• [Information provided]:
lemma curl_curl_adjoint_plus_div_adjoint_div:
  fixes D1 D2 D3 :: "complex mat"
  assumes carrier: "D1 \<in> carrier_mat n n" "D2 \<in> carrier_mat n n" "D3 \<in> carrier_mat n n"
    and commute: "\<And>X Y. X \<in> {D1, D2, D3} \<Longrightarrow> Y \<in> {D1, D2, D3} \<Longrightarrow> mat_adjoint X * Y = Y * mat_adjoint X"
  defines "CURL \<equiv> block_mat 3 3 n n [[0\<^sub>m n n, - D3, D2], [D3, 0\<^sub>m n n, - D1], [- D2, D1, 0\<^sub>m n n]]"
  defines "DIV \<equiv> block_mat 1 3 n n [[D1, D2, D3]]"
  defines "L \<equiv> DIV * mat_adjoint DIV"
  shows "CURL * mat_adjoint CURL + mat_adjoint DIV * DIV
    = block_mat 3 3 n n [[L, 0\<^sub>m n n, 0\<^sub>m n n], [0\<^sub>m n n, L, 0\<^sub>m n n], [0\<^sub>m n n, 0\<^sub>m n n, L]]"
proof (rule eq_mat_block_coordsI[where r = 3 and n = n and c = 3 and m = n])
  define Cs where "Cs = [[0\<^sub>m n n, - D3, D2], [D3, 0\<^sub>m n n, - D1], [- D2, D1, 0\<^sub>m n n]]"
  define Ds where "Ds = [[D1, D2, D3]]"
  have three: "a < 3 \<longleftrightarrow> a = 0 \<or> a = 1 \<or> a = (2 :: nat)" for a
    by auto
  have dims: "dim_row D1 = n" "dim_col D1 = n" "dim_row D2 = n" "dim_col D2 = n" "dim_row D3 = n" "dim_col D3 = n"
    using carrier by auto
  have L: "L = D1 * mat_adjoint D1 + D2 * mat_adjoint D2 + D3 * mat_adjoint D3"
    unfolding L_def DIV_def using carrier by (rule block_row_mult_adjoint)
  fix a b x y :: nat
  assume ab: "a < 3" "b < 3" and xy: "x < n" "y < n"
  have "(CURL * mat_adjoint CURL + mat_adjoint DIV * DIV) $$ (a * n + x, b * n + y)
      = (CURL * mat_adjoint CURL) $$ (a * n + x, b * n + y) + (mat_adjoint DIV * DIV) $$ (a * n + x, b * n + y)"
    using mult_add_less_mult[OF ab(1) xy(1)] mult_add_less_mult[OF ab(2) xy(2)]
    by (intro index_add_mat) (simp_all add: CURL_def DIV_def)
  also have "(CURL * mat_adjoint CURL) $$ (a * n + x, b * n + y) = (\<Sum>q < 3. (Cs ! a ! q * mat_adjoint (Cs ! b ! q)) $$ (x, y))"
    unfolding CURL_def Cs_def[symmetric]
    by (rule index_block_mat_mult_adjoint) (use ab xy carrier in \<open>auto simp: Cs_def three\<close>)
  also have "(mat_adjoint DIV * DIV) $$ (a * n + x, b * n + y) = (\<Sum>q < 1. (mat_adjoint (Ds ! q ! a) * Ds ! q ! b) $$ (x, y))"
    unfolding DIV_def Ds_def[symmetric]
    by (rule index_adjoint_block_mat_mult) (use ab xy carrier in \<open>auto simp: Ds_def three\<close>)
  also have "(\<Sum>q < 3. (Cs ! a ! q * mat_adjoint (Cs ! b ! q)) $$ (x, y))
      + (\<Sum>q < 1. (mat_adjoint (Ds ! q ! a) * Ds ! q ! b) $$ (x, y))
      = [[L, 0\<^sub>m n n, 0\<^sub>m n n], [0\<^sub>m n n, L, 0\<^sub>m n n], [0\<^sub>m n n, 0\<^sub>m n n, L]] ! a ! b $$ (x, y)"
    using ab xy dims commute unfolding three L
    by (auto simp: Cs_def Ds_def numeral_3_eq_3)
  also have "\<dots> = block_mat 3 3 n n [[L, 0\<^sub>m n n, 0\<^sub>m n n], [0\<^sub>m n n, L, 0\<^sub>m n n], [0\<^sub>m n n, 0\<^sub>m n n, L]] $$ (a * n + x, b * n + y)"
    using ab xy by (simp add: index_block_mat)
  finally show "(CURL * mat_adjoint CURL + mat_adjoint DIV * DIV) $$ (a * n + x, b * n + y)
    = block_mat 3 3 n n [[L, 0\<^sub>m n n, 0\<^sub>m n n], [0\<^sub>m n n, L, 0\<^sub>m n n], [0\<^sub>m n n, 0\<^sub>m n n, L]] $$ (a * n + x, b * n + y)" .
qed (simp_all add: CURL_def DIV_def)

theorem corollary4p8:
  fixes N k :: nat and h a1 a2 a3 :: real
  assumes "k \<in> {1, 2, 3, 4}" and "N \<ge> 2 * k" and "h > 0"
  defines "M \<equiv> N ^ 3"
  defines "D \<equiv> Dop N k h a1 a2 a3"
  defines "CURL \<equiv> block_mat 3 3 M M
             [[0\<^sub>m M M, - D 3, D 2],
              [D 3, 0\<^sub>m M M, - D 1],
              [- D 2, D 1, 0\<^sub>m M M]]"
  defines "DIV \<equiv> block_mat 1 3 M M [[D 1, D 2, D 3]]"
  defines "L \<equiv> DIV * mat_adjoint DIV"
  shows "CURL * mat_adjoint CURL + mat_adjoint DIV * DIV
         = block_mat 3 3 M M [[L, 0\<^sub>m M M, 0\<^sub>m M M], [0\<^sub>m M M, L, 0\<^sub>m M M], [0\<^sub>m M M, 0\<^sub>m M M, L]]"
proof -
  have carrier: "D i \<in> carrier_mat M M" if "i \<in> {1, 2, 3}" for i
    unfolding D_def M_def using that by (rule Dop_carrier)
  have commute: "mat_adjoint X * Y = Y * mat_adjoint X" if "X \<in> {D 1, D 2, D 3}" "Y \<in> {D 1, D 2, D 3}" for X Y
    using that unfolding D_def by (auto simp: Dop_adjoint_commute)
  show ?thesis
    unfolding CURL_def DIV_def L_def
    by (rule curl_curl_adjoint_plus_div_adjoint_div) (use carrier commute in auto)
qed

end
lemma L_ss_subset_L_phi_star:
  assumes \<Lambda>_ge_1: "\<forall>x\<ge>1. 1 \<le> \<Lambda> x" and \<Lambda>_lim: "filterlim \<Lambda> at_top at_top"
  shows "L_ss \<Lambda> \<subseteq> L_phi_star (Phi_majorant (\<lambda>N. exp ((real N * real N) ^ Lambda_index \<Lambda> N * real N)))"
proof
  fix z
  assume z: "z \<in> L_ss \<Lambda>"
  then have Liouville: "z \<in> Liouville" and irr: "z \<notin> \<rat>"
    by (simp_all add: L_ss_def Liouville_def)
  obtain v C m where omega: "\<And>i. 1 \<le> i \<Longrightarrow> \<Lambda> (real i) \<le> cf_omega z (v i)"
    and t_ge_2: "\<And>i. 1 \<le> i \<Longrightarrow> 2 \<le> cf_t z (v i)" and C: "1 \<le> C" and m: "1 \<le> m"
    and growth: "\<And>i. m \<le> i \<Longrightarrow> ln (cf_t z (v (Suc i))) \<le> C * cf_omega z (v i) * ln (cf_t z (v i))"
    using L_ss_cf_t_growth[OF z \<Lambda>_ge_1] by blast
  define T where "T i = ln (cf_t z (v i))" for i
  have T_pos: "0 < T i" if "1 \<le> i" for i
    using t_ge_2[OF that] by (simp add: T_def)
  show "z \<in> L_phi_star (Phi_majorant (\<lambda>N. exp ((real N * real N) ^ Lambda_index \<Lambda> N * real N)))"
  proof (rule L_phi_star_Phi_majorantI[OF Liouville, where M = "max (nat \<lceil>C\<rceil>) (nat \<lceil>T m\<rceil>)"])
    fix N
    assume N: "1 \<le> N" "max (nat \<lceil>C\<rceil>) (nat \<lceil>T m\<rceil>) \<le> N"
    then have CN: "C \<le> N" "T m \<le> N"
      by linarith+
    define good where "good i \<longleftrightarrow> m \<le> i \<and> real N \<le> cf_omega z (v i)" for i
    define s where "s = (LEAST i. good i)"
    define j where "j = max m (Lambda_index \<Lambda> N)"
    have "good j"
      using Lambda_index(2)[OF \<Lambda>_lim, of N j] omega[of j] m by (force simp: good_def j_def)
    then have "good s" "s \<le> j"
      unfolding s_def by (auto intro: LeastI Least_le)
    then have s: "m \<le> s" "real N \<le> cf_omega z (v s)" "s - m \<le> Lambda_index \<Lambda> N"
      by (auto simp: good_def j_def)
    have "T s \<le> (real N * real N) ^ Lambda_index \<Lambda> N * real N"
    proof (rule growth_bound_while_factor_small[where m = m and w = "\<lambda>i. cf_omega z (v i)"])
      show "T (Suc i) \<le> C * cf_omega z (v i) * T i" if "m \<le> i" for i
        using growth[OF that] by (simp add: T_def)
      show "cf_omega z (v i) < N" if "m \<le> i" "i < s" for i
        using not_less_Least[of i good] that by (simp add: s_def good_def)
    qed (use C CN T_pos m s in auto)
    then have "exp (T s) \<le> exp ((real N * real N) ^ Lambda_index \<Lambda> N * real N)"
      by simp
    moreover have "exp (T s) = cf_t z (v s)"
      using t_ge_2[of s] m s(1) by (simp add: T_def)
    ultimately have "real_of_int (cf_t z (v s)) \<le> exp ((real N * real N) ^ Lambda_index \<Lambda> N * real N)"
      by simp
    with good_denominator_below_cf_t[OF irr N(1) s(2)]
    show "good_denominator_below z N (exp ((real N * real N) ^ Lambda_index \<Lambda> N * real N))"
      by (rule good_denominator_below_mono)
  qed simp
qed

theorem proposition3p8:
  fixes \<Lambda> :: "real \<Rightarrow> real"
  assumes "\<forall>x\<ge>1. \<Lambda> x \<ge> 1"
    and "mono_on {1..} \<Lambda>"
    and "filterlim \<Lambda> at_top at_top"
  shows "(\<exists>\<phi>\<in>PhiClass. L_s \<Lambda> \<subseteq> L_phi \<phi>) \<and>
         (\<exists>\<psi>\<in>PhiClass. L_s \<Lambda> \<subseteq> L_ss \<Lambda> \<and> L_ss \<Lambda> \<subseteq> L_phi_star \<psi>)"
  using L_s_subset_L_phi[OF assms(3)] L_s_subset_L_ss[of \<Lambda>] L_ss_subset_L_phi_star[OF assms(1,3)]
    Phi_majorant_in_PhiClass
  by (metis exp_ge_zero of_nat_0_le_iff)

end
theorem proposition2:
  fixes F \<xi> :: "real^'n \<Rightarrow> real^'n"
    and G :: "real^'n^'n"
    and \<rho> \<alpha> C :: real and k :: nat and x0 :: "real^'n"
    and c :: "nat \<Rightarrow> real" and p :: "real poly"
  assumes rho: "0 < \<rho>" "\<rho> < 1"
    and alpha: "0 \<le> \<alpha>"
    and F_lip: "\<rho>-lipschitz_on UNIV F"
    and G_sym: "transpose G = G"
    and G_psd: "\<And>x. 0 \<le> x \<bullet> (G *v x)"
    and G_le: "\<And>x. x \<bullet> (G *v x) \<le> \<rho> * (x \<bullet> x)"
    and xi_lip: "\<alpha>-lipschitz_on UNIV \<xi>"
    and F_decomp: "\<And>x. F x = G *v x + \<xi> x"
    and C: "1 \<le> C"
    and k: "1 \<le> k"
    and c_min: "caa_argmin F x0 C k c"
    and p_feas: "poly_feasible C k p"
    and p_min: "\<And>q. poly_feasible C k q \<Longrightarrow> sup_on_interval \<rho> p \<le> sup_on_interval \<rho> q"
  shows "norm (F (caa_output F x0 k c) - caa_output F x0 k c)
           \<le> (sup_on_interval \<rho> p + 3 * C * \<alpha> * real k) * norm (F x0 - x0)"
proof -
  \<comment> \<open>The bound holds for every feasible \<open>p\<close>.\<close>
  have lin: "linear ((*v) G)"
    by (rule matrix_vector_mul_linear)
  have sa: "(G *v x) \<bullet> y = x \<bullet> (G *v y)" for x y
    by (metis G_sym dot_lmul_matrix vector_transpose_matrix)
  have c_feas: "caa_feasible C k c"
    and c_le: "norm (caa_residual F x0 k c) \<le> norm (caa_residual F x0 k (coeff p))"
    using c_min caa_feasible_coeff[OF p_feas] by (auto simp: caa_argmin_def)
  have "norm (F (caa_output F x0 k c) - caa_output F x0 k c)
      \<le> norm (caa_residual F x0 k c) + 2 * C * \<alpha> * real k * norm (F x0 - x0)"
    using rho by (intro norm_caa_output_fixed_point_residual_le[OF lin F_decomp xi_lip F_lip _ c_feas])
      simp
  also have "\<dots> \<le> (sup_on_interval \<rho> p + C * real k * \<alpha>) * norm (F x0 - x0)
                  + 2 * C * \<alpha> * real k * norm (F x0 - x0)"
    using c_le norm_caa_residual_coeff_le[OF lin sa G_psd G_le _ F_lip xi_lip F_decomp p_feas, of x0]
      rho by simp
  also have "\<dots> = (sup_on_interval \<rho> p + 3 * C * \<alpha> * real k) * norm (F x0 - x0)"
    by (simp add: algebra_simps)
  finally show ?thesis .
qed

end
(* For all integers $r\ge 2$ and $e\ge 2$ there exists $n_0(r,e)$ such that $f_r(n,(r-1)e,e)=h_r(n,e)$ for all $n\ge n_0(r,e)$.
   Context: An $r$-graph is an $r$-uniform hypergraph. A $(v,e)$-configuration in an $r$-graph is a subgraph with $e$ edges and at most $v$ vertices. $f_r(n,v,e)$ denotes the maximum number of edges in an $r$-graph on $n$ vertices containing no $(v,e)$-configuration. A (Berge) cycle of length $k\ge 2$ in a hypergraph is an alternating sequence $v_1,e_1,v_2,e_2,\dots,v_k,e_k$ of distinct vertices $v_i$ and distinct edges $e_i$ such that $v_i,v_{i+1}\in e_i$ for each $i$ (indices mod $k$); e.g. a $2$-cycle is a pair of edges sharing two distinct vertices. The girth of an $r$-graph is the length of its shortest cycle (infinite if there is none). $h_r(n,g)$ denotes the maximum number of edges in an $r$-graph on $n$ vertices of girth greater than $g$. *)

theory Defs
  imports Main
begin

definition r_graph :: "nat \<Rightarrow> nat \<Rightarrow> nat set set \<Rightarrow> bool" where
  "r_graph r n H \<longleftrightarrow> (\<forall>E\<in>H. E \<subseteq> {..<n} \<and> card E = r)"

definition has_config :: "nat set set \<Rightarrow> nat \<Rightarrow> nat \<Rightarrow> bool" where
  "has_config H v e \<longleftrightarrow> (\<exists>F. F \<subseteq> H \<and> card F = e \<and> card (\<Union>F) \<le> v)"

definition f_r :: "nat \<Rightarrow> nat \<Rightarrow> nat \<Rightarrow> nat \<Rightarrow> nat" where
  "f_r r n v e = Max {card H | H. r_graph r n H \<and> \<not> has_config H v e}"

definition has_berge_cycle :: "nat set set \<Rightarrow> nat \<Rightarrow> bool" where
  "has_berge_cycle H k \<longleftrightarrow> 2 \<le> k \<and> (\<exists>vs es.
     inj_on vs {..<k} \<and> inj_on es {..<k} \<and>
     (\<forall>i<k. es i \<in> H \<and> vs i \<in> es i \<and> vs ((i + 1) mod k) \<in> es i))"

definition girth_gt :: "nat set set \<Rightarrow> nat \<Rightarrow> bool" where
  "girth_gt H g \<longleftrightarrow> (\<forall>k. 2 \<le> k \<and> k \<le> g \<longrightarrow> \<not> has_berge_cycle H k)"

definition h_r :: "nat \<Rightarrow> nat \<Rightarrow> nat \<Rightarrow> nat" where
  "h_r r n g = Max {card H | H. r_graph r n H \<and> girth_gt H g}"

end

theory Submission
  imports Defs
begin

text \<open>
  Girth greater than \<open>e\<close> excludes \<open>((r - 1) e, e)\<close>-configurations, because \<open>e\<close> edges
  without a Berge cycle span at least \<open>(r - 1) e + 1\<close> vertices. Conversely, let \<open>H\<close> have no such
  configuration. Growing a cycle of length at most \<open>e\<close> edge by edge shows that every edge on a
  short cycle lies in a component with fewer than \<open>e\<close> edges and at most \<open>r - 1\<close> vertices per
  edge; all other edges form a hypergraph of girth greater than \<open>e\<close>. If these cycle components
  have exactly \<open>r - 1\<close> vertices per edge, their edges are traded for a loose path on the same
  vertices. If one of them has fewer, every other component has fewer than \<open>e\<close> edges, the
  components off the short cycles are acyclic and each wastes a vertex, and for large \<open>n\<close> this
  bounds the number of edges by \<open>n div (r - 1)\<close>, the size of a loose cycle of length \<open>e + 1\<close>
  continued by a loose path.
\<close>

section \<open>Berge cycles and acyclic hypergraphs\<close>

lemma has_berge_cycle_mono:
  "has_berge_cycle F k \<Longrightarrow> F \<subseteq> H \<Longrightarrow> has_berge_cycle H k"
  unfolding has_berge_cycle_def by blast

lemma has_berge_cycleI:
  assumes "2 \<le> k" "inj_on vs {..<k}" "inj_on es {..<k}"
    and "\<And>i. i < k \<Longrightarrow> es i \<in> H \<and> vs i \<in> es i"
    and "\<And>i. Suc i < k \<Longrightarrow> vs (Suc i) \<in> es i"
    and "vs 0 \<in> es (k - 1)"
  shows "has_berge_cycle H k"
proof -
  have "vs ((i + 1) mod k) \<in> es i" if "i < k" for i
  proof (cases "Suc i < k")
    case False
    then have "Suc i = k" using that by simp
    then have "i = k - 1" "(i + 1) mod k = 0" by auto
    then show ?thesis using assms(6) by simp
  qed (use assms(5) in simp)
  then show ?thesis
    unfolding has_berge_cycle_def using assms(1-4) by blast
qed

lemma berge_cycle_length_le_card:
  assumes "has_berge_cycle F k" "finite F"
  shows "k \<le> card F"
proof -
  obtain es where es: "inj_on es {..<k}" "es ` {..<k} \<subseteq> F"
    using assms(1) unfolding has_berge_cycle_def by blast
  have "k = card (es ` {..<k})"
    using es(1) by (simp add: card_image)
  also have "\<dots> \<le> card F"
    using es(2) assms(2) by (rule card_mono[rotated])
  finally show ?thesis .
qed

lemma mod_Suc_neq_self:
  fixes i k :: nat
  assumes "2 \<le> k" "i < k"
  shows "Suc i mod k \<noteq> i"
proof (cases "Suc i < k")
  case False
  then have "Suc i = k" using assms(2) by simp
  then show ?thesis using assms(1) by auto
qed simp

lemma berge_cycle_pred_edge:
  fixes k :: nat
  assumes "2 \<le> k" "i < k" "\<forall>j<k. vs ((j + 1) mod k) \<in> es j"
  obtains j where "j < k" "j \<noteq> i" "vs i \<in> es j"
proof -
  define j where "j = (if i = 0 then k - 1 else i - 1)"
  have "j < k" "j \<noteq> i" "(j + 1) mod k = i"
    using assms(1,2) by (auto simp: j_def)
  then show thesis using that assms(3) by metis
qed

lemma card_Union_berge_cycle_le:
  fixes k :: nat
  assumes "2 \<le> k" "inj_on vs {..<k}"
    and cycle: "\<forall>i<k. vs i \<in> es i \<and> vs ((i + 1) mod k) \<in> es i"
    and card_es: "\<forall>i<k. card (es i) = r"
  shows "card (\<Union>i<k. es i) \<le> (r - 1) * k"
proof -
  have cover: "(\<Union>i<k. es i) \<subseteq> (\<Union>i<k. es i - {vs i})"
  proof
    fix x assume "x \<in> (\<Union>i<k. es i)"
    then obtain i where i: "i < k" "x \<in> es i" by blast
    show "x \<in> (\<Union>i<k. es i - {vs i})"
    proof (cases "x = vs i")
      case True
      obtain j where "j < k" "j \<noteq> i" "vs i \<in> es j"
        using berge_cycle_pred_edge[OF assms(1) i(1)] cycle by blast
      then have "vs j \<noteq> vs i"
        using \<open>inj_on vs {..<k}\<close> i(1) by (auto dest: inj_onD)
      then show ?thesis using True \<open>j < k\<close> \<open>vs i \<in> es j\<close> by blast
    qed (use i in blast)
  qed
  have "card (\<Union>i<k. es i) = card (\<Union>i<k. es i - {vs i})"
    using cover by (intro arg_cong[where f = card]) blast
  also have "\<dots> \<le> (\<Sum>i<k. card (es i - {vs i}))"
    by (rule card_UN_le) simp
  also have "\<dots> = (\<Sum>i<k. r - 1)"
    using cycle card_es by (intro sum.cong) (auto simp: card_Diff_singleton_if)
  finally show ?thesis by (simp add: mult.commute)
qed
lemma separating_homs_trivial_acts:
  assumes B: "fixed_points S B = fst B" and C: "fixed_points S C = fst C"
    and c: "c \<in> fst C" "c' \<in> fst C" "c \<noteq> c'"
    and pq: "p \<noteq> q"
  shows "\<exists>h\<in>act_hom S B C. h p \<noteq> h q"
proof
  show "(\<lambda>b. if b = p then c else c') \<in> act_hom S B C"
    by (rule act_hom_into_fixed_points) (use B C c in auto)
qed (use pq c in simp)

lemma separating_homs_coprod_trivial_acts:
  assumes "fixed_points S B = fst B" "fixed_points S C = fst C"
    and "c \<in> fst C" "c' \<in> fst C" "c \<noteq> c'" and "p \<noteq> q"
  shows "\<exists>f\<in>act_hom S (coprod A B) (coprod A C). f p \<noteq> f q"
proof -
  have id: "id \<in> act_hom S A A" by (simp add: act_hom_def)
  obtain h where h: "h \<in> act_hom S B C" and "\<And>p' q'. p = Inr p' \<Longrightarrow> q = Inr q' \<Longrightarrow> h p' \<noteq> h q'"
  proof (cases "\<exists>p' q'. p = Inr p' \<and> q = Inr q'")
    case True
    with \<open>p \<noteq> q\<close> obtain p' q' where "p = Inr p'" "q = Inr q'" "p' \<noteq> q'" by blast
    with separating_homs_trivial_acts[OF assms(1-5)] that show ?thesis by blast
  next
    case False
    have "(\<lambda>_. c) \<in> act_hom S B C"
      by (rule act_hom_into_fixed_points) (use assms in auto)
    with False that show ?thesis by blast
  qed
  then have "map_sum id h p \<noteq> map_sum id h q"
    using \<open>p \<noteq> q\<close> by (cases p; cases q) auto
  with act_hom_map_sum[OF id h] show ?thesis by blast
qed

• [Instructions for the task]:
What you return must be an exact retyping of the lines above starting at the line with "section \<open>Berge cycles" and ending at the line with "then show ?thesis using assms(6) by simp", and nothing besides.

• [Task result]:
section \<open>Berge cycles and acyclic hypergraphs\<close>

lemma has_berge_cycle_mono:
  "has_berge_cycle F k \<Longrightarrow> F \<subseteq> H \<Longrightarrow> has_berge_cycle H k"
  unfolding has_berge_cycle_def by blast

lemma has_berge_cycleI:
  assumes "2 \<le> k" "inj_on vs {..<k}" "inj_on es {..<k}"
    and "\<And>i. i < k \<Longrightarrow> es i \<in> H \<and> vs i \<in> es i"
    and "\<And>i. Suc i < k \<Longrightarrow> vs (Suc i) \<in> es i"
    and "vs 0 \<in> es (k - 1)"
  shows "has_berge_cycle H k"
proof -
  have "vs ((i + 1) mod k) \<in> es i" if "i < k" for i
  proof (cases "Suc i < k")
    case False
    then have "Suc i = k" using that by simp
    then have "i = k - 1" "(i + 1) mod k = 0" by auto
    then show ?thesis using assms(6) by simp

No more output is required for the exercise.